lemma linear_ode_upper_bound:
  fixes g r G :: "real \<Rightarrow> real"
  assumes dg: "\<And>y. y \<ge> 1 \<Longrightarrow> (g has_real_derivative (y/2 - 2/y) * g y + r y) (at y)"
    and dG: "\<And>y. y \<ge> 1 \<Longrightarrow> (G has_real_derivative g y) (at y)"
    and rb: "\<And>y. y \<ge> 1 \<Longrightarrow> r y \<ge> - M / y^Suc m"
    and Gb: "\<And>y. y \<ge> Y \<Longrightarrow> G y \<le> B"
    and "M \<ge> 0" and "y \<ge> 1"
  shows "g y \<le> 2*M / y^Suc (Suc m)"
proof (rule ccontr)
  define w where "w x = x^2 * exp (-(x^2/4))" for x :: real
  define \<delta> where "\<delta> = w y * g y - 2*M * (exp (-(y^2/4)) / y^m)"
  assume "\<not> ?thesis"
  then have "w y * g y > w y * (2*M / y^Suc (Suc m))"
    using \<open>y \<ge> 1\<close> by (intro mult_strict_left_mono) (auto simp: w_def)
  also have "w y * (2*M / y^Suc (Suc m)) = 2*M * (exp (-(y^2/4)) / y^m)"
    using \<open>y \<ge> 1\<close> by (simp add: w_def field_simps power2_eq_square)
  finally have "\<delta> > 0" by (simp add: \<delta>_def)
  have "g z \<ge> \<delta>/4" if "z \<ge> y" for z
  proof -
    have "\<delta> \<le> w z * g z - 2*M * (exp (-(z^2/4)) / z^m)"
      using integrating_factor_nondecreasing[OF dg rb \<open>M \<ge> 0\<close> \<open>y \<ge> 1\<close> that]
      by (simp add: \<delta>_def w_def)
    moreover have "2*M * (exp (-(z^2/4)) / z^m) \<ge> 0"
      using \<open>M \<ge> 0\<close> \<open>y \<ge> 1\<close> that by simp
    ultimately have wg: "\<delta> \<le> w z * g z" by linarith
    have w: "0 < w z" "w z < 4"
      using \<open>y \<ge> 1\<close> that sq_mult_exp_neg_sq_less[of z] by (auto simp: w_def)
    have "0 < w z * g z"
      using wg \<open>\<delta> > 0\<close> by linarith
    then have "g z > 0"
      using w(1) zero_less_mult_pos by blast
    then have "w z * g z \<le> 4 * g z"
      using w by (intro mult_right_mono) auto
    then show ?thesis using wg by linarith
  qed
  moreover have "\<And>x. x \<ge> y \<Longrightarrow> (G has_real_derivative g x) (at x)"
    using dG \<open>y \<ge> 1\<close> by simp
  ultimately obtain x where "x \<ge> Y" "G x > B"
    using antiderivative_unbounded[of "\<delta>/4" y G g Y B] \<open>\<delta> > 0\<close> by auto
  then show False using Gb by force
qed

_Problem to work on_. The answer must contain only the lines from the one with "y \<Longrightarrow> (G" to the end of the entries above, each written out exactly.

_Written solution_.
  moreover have "\<And>x. x \<ge> y \<Longrightarrow> (G has_real_derivative g x) (at x)"
    using dG \<open>y \<ge> 1\<close> by simp
  ultimately obtain x where "x \<ge> Y" "G x > B"
    using antiderivative_unbounded[of "\<delta>/4" y G g Y B] \<open>\<delta> > 0\<close> by auto
  then show False using Gb by force
qed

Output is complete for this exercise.